> Exercise brief: Scan the records below for the string "cases" and return every line where it appears.

> Excerpted data:
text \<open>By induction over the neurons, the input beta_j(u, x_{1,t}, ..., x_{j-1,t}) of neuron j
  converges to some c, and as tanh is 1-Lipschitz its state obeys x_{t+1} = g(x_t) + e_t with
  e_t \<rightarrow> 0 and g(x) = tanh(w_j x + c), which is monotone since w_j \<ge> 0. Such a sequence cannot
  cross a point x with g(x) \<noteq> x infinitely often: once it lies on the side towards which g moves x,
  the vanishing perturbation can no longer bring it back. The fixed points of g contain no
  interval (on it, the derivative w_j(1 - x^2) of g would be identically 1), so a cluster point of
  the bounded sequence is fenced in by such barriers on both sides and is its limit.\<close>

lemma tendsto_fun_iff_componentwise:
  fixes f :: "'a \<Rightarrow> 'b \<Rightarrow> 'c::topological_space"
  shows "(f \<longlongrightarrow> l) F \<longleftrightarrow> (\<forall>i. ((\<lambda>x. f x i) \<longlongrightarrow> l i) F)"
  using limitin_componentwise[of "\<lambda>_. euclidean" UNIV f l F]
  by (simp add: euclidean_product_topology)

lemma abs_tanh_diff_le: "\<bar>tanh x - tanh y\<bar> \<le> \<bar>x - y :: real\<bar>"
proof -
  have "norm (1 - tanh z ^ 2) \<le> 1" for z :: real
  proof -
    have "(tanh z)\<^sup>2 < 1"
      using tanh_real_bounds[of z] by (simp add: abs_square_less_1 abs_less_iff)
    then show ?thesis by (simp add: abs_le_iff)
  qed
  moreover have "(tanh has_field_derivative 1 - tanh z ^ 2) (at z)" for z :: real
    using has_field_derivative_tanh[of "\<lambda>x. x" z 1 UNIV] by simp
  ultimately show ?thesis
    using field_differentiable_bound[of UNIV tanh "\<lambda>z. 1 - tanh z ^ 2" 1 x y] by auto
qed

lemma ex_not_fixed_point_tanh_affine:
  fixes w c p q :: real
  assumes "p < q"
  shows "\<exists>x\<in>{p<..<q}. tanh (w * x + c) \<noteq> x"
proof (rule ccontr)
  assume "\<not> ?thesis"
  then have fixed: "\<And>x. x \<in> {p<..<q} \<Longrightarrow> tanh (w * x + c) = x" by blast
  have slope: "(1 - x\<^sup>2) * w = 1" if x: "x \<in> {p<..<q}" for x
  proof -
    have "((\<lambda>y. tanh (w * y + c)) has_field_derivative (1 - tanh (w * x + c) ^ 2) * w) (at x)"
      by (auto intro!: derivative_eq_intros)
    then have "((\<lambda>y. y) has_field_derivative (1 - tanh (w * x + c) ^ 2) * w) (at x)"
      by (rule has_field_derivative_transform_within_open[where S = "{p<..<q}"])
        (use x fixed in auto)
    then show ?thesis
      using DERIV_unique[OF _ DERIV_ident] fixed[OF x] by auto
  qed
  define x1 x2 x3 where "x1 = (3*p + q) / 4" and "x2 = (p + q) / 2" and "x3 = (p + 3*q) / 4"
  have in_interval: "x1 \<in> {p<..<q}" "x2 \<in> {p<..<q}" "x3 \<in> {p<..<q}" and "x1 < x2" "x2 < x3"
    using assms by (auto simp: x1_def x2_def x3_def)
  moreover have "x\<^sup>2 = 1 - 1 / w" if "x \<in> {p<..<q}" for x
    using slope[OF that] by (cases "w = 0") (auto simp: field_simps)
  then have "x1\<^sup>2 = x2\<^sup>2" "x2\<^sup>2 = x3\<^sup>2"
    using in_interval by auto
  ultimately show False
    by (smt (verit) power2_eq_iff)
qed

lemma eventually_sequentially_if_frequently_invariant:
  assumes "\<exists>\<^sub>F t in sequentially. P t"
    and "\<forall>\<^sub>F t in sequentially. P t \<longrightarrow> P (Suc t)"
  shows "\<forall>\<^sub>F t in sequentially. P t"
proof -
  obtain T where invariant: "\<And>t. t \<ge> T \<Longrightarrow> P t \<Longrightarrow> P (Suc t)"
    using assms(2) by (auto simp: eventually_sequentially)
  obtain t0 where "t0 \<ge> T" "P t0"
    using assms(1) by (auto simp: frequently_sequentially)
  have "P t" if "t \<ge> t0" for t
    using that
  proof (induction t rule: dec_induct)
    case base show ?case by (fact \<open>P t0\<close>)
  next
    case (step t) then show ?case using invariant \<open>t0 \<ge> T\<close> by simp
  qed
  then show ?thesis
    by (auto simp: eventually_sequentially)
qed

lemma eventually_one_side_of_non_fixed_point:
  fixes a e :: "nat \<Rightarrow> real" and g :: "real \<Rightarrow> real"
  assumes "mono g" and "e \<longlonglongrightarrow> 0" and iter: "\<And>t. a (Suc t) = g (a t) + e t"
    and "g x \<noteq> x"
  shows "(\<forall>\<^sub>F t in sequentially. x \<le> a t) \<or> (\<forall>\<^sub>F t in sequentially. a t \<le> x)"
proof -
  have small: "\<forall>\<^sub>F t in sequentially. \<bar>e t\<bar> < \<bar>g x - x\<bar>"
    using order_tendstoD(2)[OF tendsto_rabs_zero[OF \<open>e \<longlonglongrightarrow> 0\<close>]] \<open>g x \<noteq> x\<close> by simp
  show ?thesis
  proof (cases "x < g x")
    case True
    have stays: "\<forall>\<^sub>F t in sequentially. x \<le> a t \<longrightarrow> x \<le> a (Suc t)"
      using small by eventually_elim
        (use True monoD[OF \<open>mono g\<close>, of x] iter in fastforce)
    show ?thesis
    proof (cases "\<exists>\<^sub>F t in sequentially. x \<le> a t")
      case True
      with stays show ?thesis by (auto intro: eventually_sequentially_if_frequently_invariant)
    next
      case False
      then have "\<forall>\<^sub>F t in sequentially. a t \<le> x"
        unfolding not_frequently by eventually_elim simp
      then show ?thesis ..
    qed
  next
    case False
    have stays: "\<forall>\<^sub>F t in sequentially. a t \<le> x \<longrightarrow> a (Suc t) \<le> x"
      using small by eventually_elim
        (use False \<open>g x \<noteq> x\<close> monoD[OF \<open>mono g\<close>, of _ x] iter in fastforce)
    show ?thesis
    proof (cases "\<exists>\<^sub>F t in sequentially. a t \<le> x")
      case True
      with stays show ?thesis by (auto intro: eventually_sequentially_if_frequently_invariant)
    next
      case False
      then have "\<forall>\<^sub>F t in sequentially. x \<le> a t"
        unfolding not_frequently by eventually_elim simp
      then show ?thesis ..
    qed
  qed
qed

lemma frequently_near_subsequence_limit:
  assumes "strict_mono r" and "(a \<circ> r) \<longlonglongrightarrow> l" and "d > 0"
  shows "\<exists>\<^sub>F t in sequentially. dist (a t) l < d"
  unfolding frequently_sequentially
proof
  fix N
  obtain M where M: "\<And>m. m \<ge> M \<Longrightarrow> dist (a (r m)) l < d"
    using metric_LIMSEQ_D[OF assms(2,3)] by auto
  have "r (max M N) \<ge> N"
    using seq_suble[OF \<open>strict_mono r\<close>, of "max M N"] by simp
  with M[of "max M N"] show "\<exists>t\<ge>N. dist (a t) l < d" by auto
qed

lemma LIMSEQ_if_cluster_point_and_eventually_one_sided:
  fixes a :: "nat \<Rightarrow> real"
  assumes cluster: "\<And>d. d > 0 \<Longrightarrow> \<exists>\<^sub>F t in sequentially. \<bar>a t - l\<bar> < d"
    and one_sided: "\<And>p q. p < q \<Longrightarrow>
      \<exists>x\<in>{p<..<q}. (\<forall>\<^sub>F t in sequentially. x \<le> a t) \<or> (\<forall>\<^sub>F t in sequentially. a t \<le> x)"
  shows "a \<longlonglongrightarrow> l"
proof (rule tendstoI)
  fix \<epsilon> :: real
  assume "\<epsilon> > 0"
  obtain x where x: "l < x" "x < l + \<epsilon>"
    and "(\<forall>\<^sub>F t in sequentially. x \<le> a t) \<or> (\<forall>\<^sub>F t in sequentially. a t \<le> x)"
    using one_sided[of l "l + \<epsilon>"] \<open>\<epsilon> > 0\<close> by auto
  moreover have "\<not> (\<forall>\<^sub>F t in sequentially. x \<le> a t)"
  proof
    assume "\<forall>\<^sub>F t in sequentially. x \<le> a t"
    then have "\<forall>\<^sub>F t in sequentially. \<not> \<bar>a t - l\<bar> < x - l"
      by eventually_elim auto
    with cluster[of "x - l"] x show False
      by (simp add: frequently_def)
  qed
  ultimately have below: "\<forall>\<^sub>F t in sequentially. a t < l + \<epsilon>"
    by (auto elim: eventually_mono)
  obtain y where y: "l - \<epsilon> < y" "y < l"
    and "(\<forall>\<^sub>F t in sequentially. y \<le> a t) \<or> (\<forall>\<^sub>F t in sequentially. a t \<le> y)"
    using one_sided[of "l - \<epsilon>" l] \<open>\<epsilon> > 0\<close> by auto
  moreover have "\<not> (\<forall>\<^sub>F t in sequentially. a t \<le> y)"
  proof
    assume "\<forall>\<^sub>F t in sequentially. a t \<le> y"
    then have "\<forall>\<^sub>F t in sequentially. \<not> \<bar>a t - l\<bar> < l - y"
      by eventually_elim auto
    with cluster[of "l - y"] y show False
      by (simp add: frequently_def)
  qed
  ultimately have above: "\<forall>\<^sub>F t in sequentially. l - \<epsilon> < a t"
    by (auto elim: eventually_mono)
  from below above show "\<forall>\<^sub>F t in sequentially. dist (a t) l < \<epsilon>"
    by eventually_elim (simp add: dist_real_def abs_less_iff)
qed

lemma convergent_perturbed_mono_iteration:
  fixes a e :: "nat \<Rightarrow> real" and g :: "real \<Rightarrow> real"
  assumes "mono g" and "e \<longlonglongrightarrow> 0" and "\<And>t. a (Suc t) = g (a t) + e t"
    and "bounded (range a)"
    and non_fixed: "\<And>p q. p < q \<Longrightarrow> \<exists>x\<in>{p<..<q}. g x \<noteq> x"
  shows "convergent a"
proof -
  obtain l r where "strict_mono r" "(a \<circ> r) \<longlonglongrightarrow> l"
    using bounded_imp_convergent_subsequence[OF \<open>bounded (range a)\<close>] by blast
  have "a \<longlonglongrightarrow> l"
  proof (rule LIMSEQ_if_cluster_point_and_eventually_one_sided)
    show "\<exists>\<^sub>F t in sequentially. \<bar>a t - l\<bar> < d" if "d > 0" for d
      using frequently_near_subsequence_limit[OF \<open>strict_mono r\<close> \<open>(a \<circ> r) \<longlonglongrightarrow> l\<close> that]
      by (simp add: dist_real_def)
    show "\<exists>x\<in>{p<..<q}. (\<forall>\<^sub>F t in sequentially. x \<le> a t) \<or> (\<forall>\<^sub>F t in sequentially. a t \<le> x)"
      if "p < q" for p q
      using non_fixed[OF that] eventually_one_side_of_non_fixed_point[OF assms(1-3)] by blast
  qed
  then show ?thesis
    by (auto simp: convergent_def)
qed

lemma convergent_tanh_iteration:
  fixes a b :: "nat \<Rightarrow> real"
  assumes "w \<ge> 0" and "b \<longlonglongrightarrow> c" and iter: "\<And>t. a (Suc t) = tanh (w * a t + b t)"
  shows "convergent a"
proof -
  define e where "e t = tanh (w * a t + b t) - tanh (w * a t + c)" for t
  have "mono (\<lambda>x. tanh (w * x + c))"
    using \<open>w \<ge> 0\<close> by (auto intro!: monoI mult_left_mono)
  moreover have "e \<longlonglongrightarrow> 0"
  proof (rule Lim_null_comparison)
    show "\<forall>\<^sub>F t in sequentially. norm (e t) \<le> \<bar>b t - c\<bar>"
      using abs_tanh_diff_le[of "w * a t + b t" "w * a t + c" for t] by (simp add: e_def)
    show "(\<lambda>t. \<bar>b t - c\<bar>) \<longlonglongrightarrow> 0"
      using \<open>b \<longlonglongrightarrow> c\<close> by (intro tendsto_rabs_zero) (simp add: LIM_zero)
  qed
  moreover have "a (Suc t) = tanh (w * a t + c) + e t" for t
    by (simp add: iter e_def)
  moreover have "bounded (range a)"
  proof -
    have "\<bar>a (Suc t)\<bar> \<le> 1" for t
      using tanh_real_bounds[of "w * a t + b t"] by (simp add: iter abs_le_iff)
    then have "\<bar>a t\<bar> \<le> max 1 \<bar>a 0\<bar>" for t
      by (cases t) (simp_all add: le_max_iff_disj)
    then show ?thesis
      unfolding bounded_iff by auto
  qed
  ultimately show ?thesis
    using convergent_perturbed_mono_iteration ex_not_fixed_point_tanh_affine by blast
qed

> Result:
    using slope[OF that] by (cases "w = 0") (auto simp: field_simps)
  proof (cases "x < g x")
    proof (cases "\<exists>\<^sub>F t in sequentially. x \<le> a t")
    proof (cases "\<exists>\<^sub>F t in sequentially. a t \<le> x")
      by (cases t) (simp_all add: le_max_iff_disj)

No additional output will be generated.